A man’s spirit went up to Daramulan when he died. Thunder and the sound of the bullroarer, which mimicked thunder, were believed to be his voice. A likeness of Daramulan, carved on a tree at an initiation ceremony, show an anthropomorphic figure with two horns on his head and a large penis. Myths about Daramulan were sacred and were only to be heard by initiated men, although women probably knew something about them too.

Tulugal - the devil

{The following story from Moruya was recorded by Horatio Hale (1846, pp.111-2) during a visit to New South Wales in 1839-40. It is possible that the narrator was interviewed in Sydney}

At the Muruya River the devil is called Tulugal. He was described to us, by a native, as a black man of great stature, grizzled with age, who has very long legs, so that he soon overtakes a man, but very short arms, which brings the contest nearest an equity.
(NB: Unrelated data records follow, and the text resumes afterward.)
text \<open>Entries with index \<ge> N are unconstrained, so sublevel sets of the cohesion are not
  compact themselves; truncation moves them into a compact product of balls.\<close>

lemma compact_superset_of_cohesion_sublevel:
  assumes mpos: "\<forall>i<N. m i > 0" and "\<gamma> > 0" "K > 0"
  obtains S where "compact S" "S \<subseteq> {r. in_config_space N r \<and> gfun N m r = 1}"
    "\<And>r. in_config_space N r \<Longrightarrow> gfun N m r = 1 \<Longrightarrow> cohesion N m \<gamma> r \<le> K \<Longrightarrow>
      truncate_config N r \<in> S"
proof
  have m_nonneg: "\<forall>i<N. m i \<ge> 0"
    using mpos by (simp add: less_imp_le)
  define B :: "nat \<Rightarrow> (real \<times> real) set" where
    "B i = (if i < N then cball 0 (sqrt (1 / m i)) else {0})" for i
  define D where
    "D = {r :: config. \<forall>i\<in>{..<N}. \<forall>j\<in>{..<N}. i \<noteq> j \<longrightarrow> \<gamma> * m i * m j / K \<le> norm (r j - r i)}"
  define S where "S = Pi UNIV B \<inter> {r. gfun N m r = 1} \<inter> D"
  show "compact S"
    unfolding S_def D_def
    by (intro compact_Int_closed compact_Pi_UNIV closed_gfun_level closed_pairwise_norm_diff_ge)
       (simp add: B_def)
  show "S \<subseteq> {r. in_config_space N r \<and> gfun N m r = 1}"
  proof safe
    fix r assume "r \<in> S"
    then show "gfun N m r = 1"
      by (simp add: S_def)
    show "in_config_space N r"
      unfolding in_config_space_def
    proof (intro allI impI)
      fix i j assume "i < N" "j < N" "i \<noteq> j"
      then have "0 < \<gamma> * m j * m i / K" "\<gamma> * m j * m i / K \<le> norm (r i - r j)"
        using \<open>r \<in> S\<close> mpos assms(2,3) by (auto simp: S_def D_def)
      then show "r i \<noteq> r j"
        by auto
    qed
  qed
  fix r assume r: "in_config_space N r" "gfun N m r = 1" "cohesion N m \<gamma> r \<le> K"
  have "norm (r i) \<le> sqrt (1 / m i)" if "i < N" for i
    using norm_le_sqrt_gfun_div[OF m_nonneg that, where r=r] mpos that r(2) by simp
  then have "truncate_config N r \<in> Pi UNIV B"
    by (simp add: B_def truncate_config_def)
  moreover have "truncate_config N r \<in> D"
    using norm_diff_ge_of_cohesion_le[OF m_nonneg assms(2)[THEN less_imp_le] _ _ _ r(1,3) assms(3)]
    by (simp add: D_def truncate_config_def)
  moreover have "gfun N m (truncate_config N r) = gfun N m r"
    by (rule gfun_cong) (rule truncate_config_eq)
  ultimately show "truncate_config N r \<in> S"
    using r(2) by (simp add: S_def)
qed

lemma cohesion_min_on_unit_level_attained:
  assumes "N \<ge> 2" "\<forall>i<N. m i > 0" "\<gamma> > 0"
  obtains x where "in_config_space N x" "gfun N m x = 1"
    "\<And>r. in_config_space N r \<Longrightarrow> gfun N m r = 1 \<Longrightarrow> cohesion N m \<gamma> x \<le> cohesion N m \<gamma> r"
proof -
  have "in_config_space N (\<lambda>i. (real i, 0))"
    by (simp add: in_config_space_def)
  then obtain r1 where r1: "in_config_space N r1" "gfun N m r1 = 1"
    using in_config_space_normalize[OF assms(1,2)] gfun_normalize[OF assms(1,2)] by blast
  define K where "K = cohesion N m \<gamma> r1"
  have "K > 0"
    using cohesion_pos[OF assms r1(1)] by (simp add: K_def)
  then obtain S where S: "compact S" "S \<subseteq> {r. in_config_space N r \<and> gfun N m r = 1}"
    and sublevel_in_S: "\<And>r. in_config_space N r \<Longrightarrow> gfun N m r = 1 \<Longrightarrow> cohesion N m \<gamma> r \<le> K \<Longrightarrow>
      truncate_config N r \<in> S"
    using compact_superset_of_cohesion_sublevel[OF assms(2,3) \<open>K > 0\<close>] by blast
  have cohesion_truncate: "cohesion N m \<gamma> (truncate_config N r) = cohesion N m \<gamma> r" for r
    by (rule cohesion_cong) (rule truncate_config_eq)
  have "S \<noteq> {}"
    using sublevel_in_S[OF r1] by (auto simp: K_def)
  moreover have "continuous_on S (cohesion N m \<gamma>)"
    using continuous_on_subset[OF continuous_on_cohesion] S(2) by blast
  ultimately obtain x where x: "x \<in> S" "\<And>y. y \<in> S \<Longrightarrow> cohesion N m \<gamma> x \<le> cohesion N m \<gamma> y"
    using continuous_attains_inf[OF S(1)] by blast
  show thesis
  proof
    show "in_config_space N x" "gfun N m x = 1"
      using x(1) S(2) by auto
    fix r assume r: "in_config_space N r" "gfun N m r = 1"
    show "cohesion N m \<gamma> x \<le> cohesion N m \<gamma> r"
    proof (cases "cohesion N m \<gamma> r \<le> K")
      case True
      then show ?thesis
        using x(2)[OF sublevel_in_S[OF r True]] cohesion_truncate by simp
    next
      case False
      then show ?thesis
        using x(2)[OF sublevel_in_S[OF r1]] cohesion_truncate by (simp add: K_def)
    qed
  qed
qed

lemma Cm_attained:
  assumes "N \<ge> 2" "\<forall>i<N. m i > 0" "\<gamma> > 0"
  obtains x where "in_config_space N x" "gfun N m x = 1" "cohesion N m \<gamma> x = Cm N m \<gamma>"
proof -
  obtain x where x: "in_config_space N x" "gfun N m x = 1"
    "\<And>r. in_config_space N r \<Longrightarrow> gfun N m r = 1 \<Longrightarrow> cohesion N m \<gamma> x \<le> cohesion N m \<gamma> r"
    using cohesion_min_on_unit_level_attained assms by blast
  then have "Cm N m \<gamma> = cohesion N m \<gamma> x"
    using Cm_eq_of_min_on_level[OF assms x(1)] by simp
  then show thesis
    using that x(1,2) by simp
qed

definition rotate_plane :: "real \<Rightarrow> real \<times> real \<Rightarrow> real \<times> real" where
  "rotate_plane \<theta> p = (cos \<theta> * fst p - sin \<theta> * snd p, sin \<theta> * fst p + cos \<theta> * snd p)"

lemma rotate_plane_diff: "rotate_plane \<theta> p - rotate_plane \<theta> q = rotate_plane \<theta> (p - q)"
  by (simp add: rotate_plane_def algebra_simps)

lemma norm_rotate_plane: "norm (rotate_plane \<theta> p) = norm p"
proof -
  have "(cos \<theta> * a - sin \<theta> * b)\<^sup>2 + (sin \<theta> * a + cos \<theta> * b)\<^sup>2 = a\<^sup>2 + b\<^sup>2" for a b
    using sin_cos_squared_add[of \<theta>] by algebra
  then show ?thesis
    by (simp add: rotate_plane_def norm_prod_def)
qed

lemma rotate_plane_polar:
  "rotate_plane \<theta> (a * cos \<phi>, a * sin \<phi>) = (a * cos (\<phi> + \<theta>), a * sin (\<phi> + \<theta>))"
  by (simp add: rotate_plane_def cos_add sin_add algebra_simps)

lemma cohesion_rotate_plane:
  "cohesion N m \<gamma> (\<lambda>i. rotate_plane \<theta> (r i)) = cohesion N m \<gamma> r"
  by (simp add: cohesion_def rotate_plane_diff norm_rotate_plane)

lemma gfun_rotate_plane: "gfun N m (\<lambda>i. rotate_plane \<theta> (r i)) = gfun N m r"
  by (simp add: gfun_def norm_rotate_plane)

lemma trajectory_eq_rotate_plane:
  assumes "\<forall>i<N. r0 i = (norm (r0 i) * cos (\<phi> i), norm (r0 i) * sin (\<phi> i))" "i < N"
  shows "trajectory N r0 \<phi> \<omega> t i = rotate_plane (\<omega> * t) (r0 i)"
  using assms by (metis rotate_plane_polar trajectory_def)

lemma
  assumes "\<forall>i<N. r0 i = (norm (r0 i) * cos (\<phi> i), norm (r0 i) * sin (\<phi> i))"
  shows cohesion_trajectory: "cohesion N m \<gamma> (trajectory N r0 \<phi> \<omega> t) = cohesion N m \<gamma> r0"
    and gfun_trajectory: "gfun N m (trajectory N r0 \<phi> \<omega> t) = gfun N m r0"
proof -
  have "cohesion N m \<gamma> (trajectory N r0 \<phi> \<omega> t) = cohesion N m \<gamma> (\<lambda>i. rotate_plane (\<omega> * t) (r0 i))"
    "gfun N m (trajectory N r0 \<phi> \<omega> t) = gfun N m (\<lambda>i. rotate_plane (\<omega> * t) (r0 i))"
    using trajectory_eq_rotate_plane[OF assms] by (auto intro: cohesion_cong gfun_cong)
  then show "cohesion N m \<gamma> (trajectory N r0 \<phi> \<omega> t) = cohesion N m \<gamma> r0"
    "gfun N m (trajectory N r0 \<phi> \<omega> t) = gfun N m r0"
    by (simp_all add: cohesion_rotate_plane gfun_rotate_plane)
qed

lemma exists_config_with_min_rms_size:
  assumes "N \<ge> 2" "\<forall>i<N. m i > 0" "\<gamma> > 0" "F > 0"
  shows "\<exists>r. in_config_space N r \<and> cohesion N m \<gamma> r = F \<and>
    rms_size N m r = Cm N m \<gamma> / (F * sqrt (total_mass N m))"
proof -
  obtain x where x: "in_config_space N x" "gfun N m x = 1" "cohesion N m \<gamma> x = Cm N m \<gamma>"
    using Cm_attained[OF assms(1-3)] .
  have "Cm N m \<gamma> > 0"
    using cohesion_pos[OF assms(1-3) x(1)] x(3) by simp
  define r where "r = scale_config (Cm N m \<gamma> / F) x"
  have r: "in_config_space N r" "cohesion N m \<gamma> r = F"
    using x \<open>F > 0\<close> \<open>Cm N m \<gamma> > 0\<close> by (simp_all add: r_def in_config_space_scale cohesion_scale)
  moreover have "Cm N m \<gamma> = cohesion N m \<gamma> r * sqrt (gfun N m r)"
    using x \<open>F > 0\<close> \<open>Cm N m \<gamma> > 0\<close> cohesion_mul_sqrt_gfun_scale by (simp add: r_def)
  ultimately have "rms_size N m r = Cm N m \<gamma> / (F * sqrt (total_mass N m))"
    using rms_size_eq_Cm_div[of N m \<gamma> r] \<open>F > 0\<close> by simp
  with r show ?thesis
    by blast
qed

lemma rms_size_trajectory:
  assumes "N \<ge> 2" "\<forall>i<N. m i > 0" "\<gamma> > 0" "in_config_space N r0"
    and "\<forall>r. in_config_space N r \<longrightarrow>
      cohesion N m \<gamma> r0 + lam * gfun N m r0 \<le> cohesion N m \<gamma> r + lam * gfun N m r"
    and polar: "\<forall>i<N. r0 i = (norm (r0 i) * cos (\<phi> i), norm (r0 i) * sin (\<phi> i))"
  shows "rms_size N m (trajectory N r0 \<phi> \<omega> t)
    = Cm N m \<gamma> / (cohesion N m \<gamma> (trajectory N r0 \<phi> \<omega> t) * sqrt (total_mass N m))"
proof (rule rms_size_eq_Cm_div)
  show "cohesion N m \<gamma> (trajectory N r0 \<phi> \<omega> t) \<noteq> 0"
    using cohesion_pos[OF assms(1-4)] cohesion_trajectory[OF polar] by simp
  show "Cm N m \<gamma> = cohesion N m \<gamma> (trajectory N r0 \<phi> \<omega> t) * sqrt (gfun N m (trajectory N r0 \<phi> \<omega> t))"
    using Cm_eq_of_min_cohesion_plus_gfun[OF assms(1-5)]
    by (simp add: cohesion_trajectory[OF polar] gfun_trajectory[OF polar])
qed

theorem theorem4p3:
  fixes N :: nat and m :: "nat \<Rightarrow> real" and \<gamma> :: real
  assumes N2: "N \<ge> 2"
    and mpos: "\<forall>i<N. m i > 0"
    and gpos: "\<gamma> > 0"
  shows
    "(\<forall>F > 0.
        (\<exists>r. in_config_space N r \<and> cohesion N m \<gamma> r = F \<and>
             rms_size N m r = Cm N m \<gamma> / (F * sqrt (total_mass N m))) \<and>
        (\<forall>r. in_config_space N r \<and> cohesion N m \<gamma> r = F \<longrightarrow>
             Cm N m \<gamma> / (F * sqrt (total_mass N m)) \<le> rms_size N m r))
     \<and>
     (\<forall>lam > 0. \<forall>r0 \<phi>.
        in_config_space N r0 \<and>
        (\<forall>r. in_config_space N r \<longrightarrow>
             cohesion N m \<gamma> r0 + lam * gfun N m r0 \<le> cohesion N m \<gamma> r + lam * gfun N m r) \<and>
        (\<forall>i<N. r0 i = (norm (r0 i) * cos (\<phi> i), norm (r0 i) * sin (\<phi> i)))
        \<longrightarrow>
        (\<forall>t \<ge> 0.
           rms_size N m (trajectory N r0 \<phi> (sqrt (2 * lam)) t) =
           Cm N m \<gamma> / (cohesion N m \<gamma> (trajectory N r0 \<phi> (sqrt (2 * lam)) t)
                        * sqrt (total_mass N m))))"
proof (intro conjI allI impI)
  fix F :: real assume "F > 0"
  then show "\<exists>r. in_config_space N r \<and> cohesion N m \<gamma> r = F \<and>
      rms_size N m r = Cm N m \<gamma> / (F * sqrt (total_mass N m))"
    by (rule exists_config_with_min_rms_size[OF N2 mpos gpos])
next
  fix F :: real and r assume "in_config_space N r \<and> cohesion N m \<gamma> r = F"
  then show "Cm N m \<gamma> / (F * sqrt (total_mass N m)) \<le> rms_size N m r"
    using rms_size_ge_Cm_div[OF N2 mpos gpos] by blast
next
  fix lam :: real and r0 \<phi> t
  assume "in_config_space N r0 \<and>
    (\<forall>r. in_config_space N r \<longrightarrow>
      cohesion N m \<gamma> r0 + lam * gfun N m r0 \<le> cohesion N m \<gamma> r + lam * gfun N m r) \<and>
    (\<forall>i<N. r0 i = (norm (r0 i) * cos (\<phi> i), norm (r0 i) * sin (\<phi> i)))"
  then show "rms_size N m (trajectory N r0 \<phi> (sqrt (2 * lam)) t) =
      Cm N m \<gamma> / (cohesion N m \<gamma> (trajectory N r0 \<phi> (sqrt (2 * lam)) t) * sqrt (total_mass N m))"
    using rms_size_trajectory[OF N2 mpos gpos] by blast
qed

end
This goblin has a wife who is much like himself, but still more feared, being of a cruel disposition, with a cannibal apatite, especially for young children. It would hardly be worth while to dwell upon these superstitions, but that they seem to characterise so distinctly the people, at once timid, ferocious, and stupid, who have invented them...

Mirrirul â– the Creator

{The following story was recorded by Reverend William Ridley (1878, pp.265-6) from Lizzy Malone, whose mother was a Shoalhaven Aborigine}

They say that "Mirrirual" made all things. Their old men have told them that there is, beyond death, a large tree, on which Mirrirul stands to receive them when they die. The good he takes up to the sky, the bad he sends to another place to be punished.